Il presidente della Cina, Xi Jinping, ha presieduto un incontro del Comitato permanente dell’Ufficio politico del Comitato centrale del Partito comunista cinese (Pcc) sulla prevenzione e il controllo dell’epidemia di polmonite causata dal nuovo coronavirus Covid-19. Secondo quanto riferisce l’agenzia ufficiale di stampa cinese “Xinhua”, Xi ha affermato che la situazione epidemica ha mostrato cambiamenti positivi grazie al duro lavoro di prevenzione e controllo che ha ottenuto risultati notevoli. Nel sottolineare che la prevenzione e il controllo dell’epidemia sono entrati in una fase critica che richiede sforzi rigorosi, Xi ha sottolineato la priorità di rafforzare la prevenzione e il controllo in aree in cui la situazione epidemica è particolarmente grave o a maggior rischio. Il leader cinese ha richiesto ulteriori sforzi da parte dei comitati e dei governi del partito a tutti i livelli, esortandoli a impegnarsi per raggiungere gli obiettivi e le attività di sviluppo economico e sociale di quest’anno.  Xi ha affermato che la Cina si impegnerà a raggiungere i suoi obiettivi economici e sociali per l’anno e ad apportare adeguamenti economici per ridurre al minimo l’impatto del virus. Il presidente cinese ha inoltre detto che il governo prenderà misure più decisive per frenare la diffusione del virus a Wuhan e nella circostante provincia di Hubei.

SIMIT: l’epidemia ha raggiunto l’apice, ora è in discesa

“I dati diffusi ogni giorno dallo European Centre for Disease Prevention and Control ci dimostrano che per il nuovo coronavirus abbiamo raggiunto un apice nel numero di nuovi casi giornalieri. Questo picco è stato raggiunto il 5 febbraio scorso, quando abbiamo avuto 4.000 nuovi casi, mentre nei giorni successivi, e ancora in questo momento, la numerosità di nuovi casi sta scendendo. L’ultimo dato che abbiamo a disposizione è del 9 febbraio e parla di 2.500 nuovi casi al giorno. E questo è un ottimo segnale, perché vuol dire che l’epidemia in qualche modo è contenuta nel modo corretto e che si sta spengendo” afferma Massimo Andreoni, direttore scientifico della SIMIT (Società Italiana di Malattie Infettive e Tropicali), sulla situazione attuale del nuovo coronavirus. “Dire queste cose è sempre complicato e pericoloso – ha proseguito Andreoni – ma i numeri, in questo momento, ci dicono questo. Ovviamente bisogna continuare ad adottare tutte le misure che stiamo attuando, ma forse con un po’ di tranquillità e ottimismo in più rispetto a quello che abbiamo visto negli ultimi giorni”. L’epidemia che sta preoccupando tutto il mondo e che nasce da un passaggio di specie, dal pipistrello al pangolino e poi all’umano, in realtà è “sostanzialmente localizzata in Cina – ha proseguito il direttore scientifico della SIMIT – abbiamo circa 43.000 casi di soggetti infettati che sono in Cina, con più di 1000 decessi. Dei 400 casi che sono al di fuori della Cina dobbiamo dire che solo in due casi c’è stata una mortalità, quindi questo è un primo elemento che in qualche modo ci fa intendere che il virus abbia una buona capacità diffusiva, ma certamente non un’alta letalità”.

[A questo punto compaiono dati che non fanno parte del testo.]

(* Let $m,n\geq 2$. If $S$ is a $\{2\}$-resolving set of the rook's graph $K_m\Box K_n$, then every quadruple of $K_m\Box K_n$ contains at least one element of $S$.
   Context: $K_m\Box K_n$ has vertices $av$ with $a\in V(K_m)$, $v\in V(K_n)$; distinct $av,bu$ are adjacent iff $a=b$ or $u=v$. A quadruple is a set $\{av,au,bv,bu\}$ with $a\neq b$ in $V(K_m)$ and $u\neq v$ in $V(K_n)$. $d$ is the shortest-path distance, $d(s,X)=\min_{x\in X}d(s,x)$, $\mathcal{D}_S(X)=(d(s_1,X),\dots,d(s_k,X))$ for $S=\{s_1,\dots,s_k\}$. $S$ is a $\{2\}$-resolving set if $\mathcal{D}_S(X)\neq\mathcal{D}_S(Y)$ for all distinct nonempty vertex sets $X,Y$ with $|X|,|Y|\leq 2$. *)

theory Defs
  imports Main
begin

definition rook_vertices :: "nat \<Rightarrow> nat \<Rightarrow> (nat \<times> nat) set" where
  "rook_vertices m n = {0..<m} \<times> {0..<n}"

definition rook_adj :: "nat \<times> nat \<Rightarrow> nat \<times> nat \<Rightarrow> bool" where
  "rook_adj x y \<longleftrightarrow> x \<noteq> y \<and> (fst x = fst y \<or> snd x = snd y)"

definition rook_walk :: "nat \<Rightarrow> nat \<Rightarrow> (nat \<times> nat) list \<Rightarrow> bool" where
  "rook_walk m n p \<longleftrightarrow> p \<noteq> [] \<and> set p \<subseteq> rook_vertices m n \<and>
     (\<forall>i. Suc i < length p \<longrightarrow> rook_adj (p ! i) (p ! Suc i))"

definition rook_dist :: "nat \<Rightarrow> nat \<Rightarrow> nat \<times> nat \<Rightarrow> nat \<times> nat \<Rightarrow> nat" where
  "rook_dist m n x y = (LEAST k. \<exists>p. rook_walk m n p \<and> hd p = x \<and> last p = y \<and> length p = Suc k)"

definition rook_set_dist :: "nat \<Rightarrow> nat \<Rightarrow> nat \<times> nat \<Rightarrow> (nat \<times> nat) set \<Rightarrow> nat" where
  "rook_set_dist m n s X = Min ((rook_dist m n s) ` X)"

text \<open>{2}-resolving set: distance vectors distinguish all distinct nonempty
  vertex sets of size at most 2. Comparing the vectors D_S(X), D_S(Y) is
  comparing the functions s \<mapsto> d(s,X) on S.\<close>
definition two_resolving :: "nat \<Rightarrow> nat \<Rightarrow> (nat \<times> nat) set \<Rightarrow> bool" where
  "two_resolving m n S \<longleftrightarrow> S \<subseteq> rook_vertices m n \<and>
     (\<forall>X Y. X \<subseteq> rook_vertices m n \<longrightarrow> Y \<subseteq> rook_vertices m n \<longrightarrow>
        X \<noteq> {} \<longrightarrow> Y \<noteq> {} \<longrightarrow> card X \<le> 2 \<longrightarrow> card Y \<le> 2 \<longrightarrow> X \<noteq> Y \<longrightarrow>
        (\<exists>s\<in>S. rook_set_dist m n s X \<noteq> rook_set_dist m n s Y))"

definition quadruple :: "nat \<Rightarrow> nat \<Rightarrow> (nat \<times> nat) set \<Rightarrow> bool" where
  "quadruple m n Q \<longleftrightarrow> (\<exists>a b u v. a < m \<and> b < m \<and> u < n \<and> v < n \<and> a \<noteq> b \<and> u \<noteq> v \<and>
      Q = {(a,v),(a,u),(b,v),(b,u)})"

end

theory Submission
  imports Defs
begin

text \<open>A vertex s outside a quadruple has distance 1 to a set of vertices
  if it shares a row or a column with one of them, and distance 2 otherwise. The two
  diagonals of the quadruple cover the same two rows and the same two columns, so every
  vertex outside the quadruple sees both diagonals at the same distance; a resolving
  set must therefore meet the quadruple.\<close>

lemma rook_walk_length_one_hd_eq_last:
  assumes "rook_walk m n p" "length p = 1"
  shows "hd p = last p"
  using assms by (cases p) auto

lemma rook_walk_length_two_adj:
  assumes "rook_walk m n p" "length p = 2"
  shows "rook_adj (hd p) (last p)"
proof -
  obtain x y where "p = [x, y]"
    using assms(2) by (metis One_nat_def Suc_1 length_0_conv length_Suc_conv)
  with assms(1) show ?thesis
    unfolding rook_walk_def by (auto dest: spec[of _ 0])
qed

lemma rook_dist_eq:
  assumes "x \<in> rook_vertices m n" "y \<in> rook_vertices m n"
  shows "rook_dist m n x y =
    (if x = y then 0 else if fst x = fst y \<or> snd x = snd y then 1 else 2)"
proof -
  define walk_of_length where "walk_of_length k \<longleftrightarrow>
    (\<exists>p. rook_walk m n p \<and> hd p = x \<and> last p = y \<and> length p = Suc k)" for k
  have dist: "rook_dist m n x y = (LEAST k. walk_of_length k)"
    unfolding rook_dist_def walk_of_length_def ..
  have walk_if_eq: "walk_of_length 0" if "x = y"
    unfolding walk_of_length_def using assms that
    by (intro exI[of _ "[x]"]) (auto simp: rook_walk_def)
  have walk_if_line: "walk_of_length 1" if "x \<noteq> y" "fst x = fst y \<or> snd x = snd y"
    unfolding walk_of_length_def using assms that
    by (intro exI[of _ "[x, y]"]) (auto simp: rook_walk_def rook_adj_def less_Suc_eq)
  have walk_via_corner: "walk_of_length 2" if "fst x \<noteq> fst y" "snd x \<noteq> snd y"
  proof -
    have "(fst x, snd y) \<in> rook_vertices m n"
      using assms by (auto simp: rook_vertices_def)
    then show ?thesis
      unfolding walk_of_length_def using assms that
      by (intro exI[of _ "[x, (fst x, snd y), y]"])
         (auto simp: rook_walk_def rook_adj_def less_Suc_eq prod_eq_iff)
  qed
  have no_walk_0: "\<not> walk_of_length 0" if "x \<noteq> y"
    using that rook_walk_length_one_hd_eq_last unfolding walk_of_length_def by fastforce
  have no_walk_1: "\<not> walk_of_length 1" if "fst x \<noteq> fst y" "snd x \<noteq> snd y"
    using that rook_walk_length_two_adj unfolding walk_of_length_def
    by (fastforce simp: rook_adj_def)
  consider "x = y" | "x \<noteq> y" "fst x = fst y \<or> snd x = snd y"
    | "fst x \<noteq> fst y" "snd x \<noteq> snd y"
    by fastforce
  then show ?thesis
  proof cases
    case 1
    then show ?thesis
      unfolding dist using walk_if_eq by (auto intro: Least_equality)
  next
    case 2
    then have "(LEAST k. walk_of_length k) = 1"
    proof (intro Least_equality)
      fix k assume "walk_of_length k"
      with 2 no_walk_0 show "1 \<le> k" by (cases k) auto
    qed (rule walk_if_line)
    with 2 show ?thesis
      unfolding dist by simp
  next
    case 3
    then have "(LEAST k. walk_of_length k) = 2"
    proof (intro Least_equality)
      fix k assume "walk_of_length k"
      with 3 no_walk_0 no_walk_1 show "2 \<le> k"
        by (cases "k < 2") (auto simp: less_2_cases_iff)
    qed (rule walk_via_corner)
    with 3 show ?thesis
      unfolding dist by (auto simp: prod_eq_iff)
  qed
qed

lemma rook_set_dist_outside:
  assumes "s \<in> rook_vertices m n" "X \<subseteq> rook_vertices m n" "finite X" "X \<noteq> {}"
    and "s \<notin> X"
  shows "rook_set_dist m n s X = (if fst s \<in> fst ` X \<or> snd s \<in> snd ` X then 1 else 2)"
proof -
  have dist: "rook_dist m n s x = (if fst s = fst x \<or> snd s = snd x then 1 else 2)"
    if "x \<in> X" for x
  proof -
    have "s \<noteq> x" using that assms(5) by blast
    with that assms(1,2) show ?thesis by (simp add: rook_dist_eq subsetD)
  qed
  show ?thesis
  proof (cases "fst s \<in> fst ` X \<or> snd s \<in> snd ` X")
    case True
    then obtain x where "x \<in> X" "fst s = fst x \<or> snd s = snd x" by blast
    then have "1 \<in> rook_dist m n s ` X" using dist by (simp add: rev_image_eqI)
    moreover have "\<forall>d \<in> rook_dist m n s ` X. 1 \<le> d" using dist by auto
    ultimately have "Min (rook_dist m n s ` X) = 1"
      using assms(3) by (intro Min_eqI) auto
    with True show ?thesis
      unfolding rook_set_dist_def by simp
  next
    case False
    then have "rook_dist m n s x = 2" if "x \<in> X" for x
      using dist that by (auto simp: rev_image_eqI)
    then have "rook_dist m n s ` X = (\<lambda>_. 2) ` X"
      by (simp cong: image_cong)
    also have "\<dots> = {2}"
      using assms(4) by (simp add: image_constant_conv)
    finally show ?thesis
      using False unfolding rook_set_dist_def by simp
  qed
qed

lemma rook_set_dist_diagonals_eq:
  assumes "{(a, v), (a, u), (b, v), (b, u)} \<subseteq> rook_vertices m n"
    and "s \<in> rook_vertices m n" "s \<notin> {(a, v), (a, u), (b, v), (b, u)}"
  shows "rook_set_dist m n s {(a, v), (b, u)} = rook_set_dist m n s {(a, u), (b, v)}"
proof -
  have "rook_set_dist m n s {(a, v), (b, u)} =
      (if fst s \<in> {a, b} \<or> snd s \<in> {u, v} then 1 else 2)"
    using assms rook_set_dist_outside[of s m n "{(a, v), (b, u)}"] by auto
  moreover have "rook_set_dist m n s {(a, u), (b, v)} =
      (if fst s \<in> {a, b} \<or> snd s \<in> {u, v} then 1 else 2)"
    using assms rook_set_dist_outside[of s m n "{(a, u), (b, v)}"] by auto
  ultimately show ?thesis by simp
qed

theorem mainTheorem10:
  fixes m n :: nat and S :: "(nat \<times> nat) set"
  assumes "m \<ge> 2" and "n \<ge> 2"
    and "two_resolving m n S"
    and "quadruple m n Q"
  shows "Q \<inter> S \<noteq> {}"
proof
  assume disjoint: "Q \<inter> S = {}"
  obtain a b u v where "a < m" "b < m" "u < n" "v < n" "a \<noteq> b" "u \<noteq> v"
    and Q: "Q = {(a, v), (a, u), (b, v), (b, u)}"
    using assms(4) unfolding quadruple_def by blast
  then have Q_vertices: "Q \<subseteq> rook_vertices m n"
    by (auto simp: rook_vertices_def)
  let ?X = "{(a, v), (b, u)}" and ?Y = "{(a, u), (b, v)}"
  have "?X \<subseteq> rook_vertices m n" "?Y \<subseteq> rook_vertices m n"
    using Q_vertices unfolding Q by auto
  moreover have "?X \<noteq> ?Y"
    using \<open>a \<noteq> b\<close> \<open>u \<noteq> v\<close> by (auto simp: doubleton_eq_iff)
  moreover have "card ?X \<le> 2" "card ?Y \<le> 2"
    by (simp_all add: card_insert_if)
  ultimately obtain s where "s \<in> S"
    and "rook_set_dist m n s ?X \<noteq> rook_set_dist m n s ?Y"
    using assms(3) unfolding two_resolving_def by blast
  moreover have "s \<in> rook_vertices m n" "s \<notin> Q"
    using \<open>s \<in> S\<close> assms(3) disjoint unfolding two_resolving_def by auto
  ultimately show False
    using rook_set_dist_diagonals_eq[of a v u b m n s] Q_vertices unfolding Q by simp
qed

end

Un altro elemento interessante è che “dei 41 casi europei sono pochissimi quelli acquisiti localmente, ma per lo più si tratta di casi di importazione. Nuovamente questo sta indicare che la diffusione non è forse così grande come la stiamo immaginando”. Al momento l’Organizzazione mondiale della Sanità non ha confermato nessun caso di coronavirus in Africa. Ma cosa accadrebbe se dovessero verificarsi contagi anche in Africa? “L’Africa è un grande continente con enormi difficoltà in termini di difficoltà pubblica – ha sostenuto Andreoni – quindi certamente l’arrivo del coronavirus in Africa potrebbe predisporre ad un maggior rischio di diffusione in questo continente. Quindi ovviamente questa è una preoccupazione con la quale oggi ci dobbiamo in qualche modo confrontare e alla quale dobbiamo porre grande attenzione. Ma ribadisco: attualmente la circolazione al di fuori della Cina di questo virus è molto modesta – ha concluso – così come la probabilità che arrivi nel continente africano”.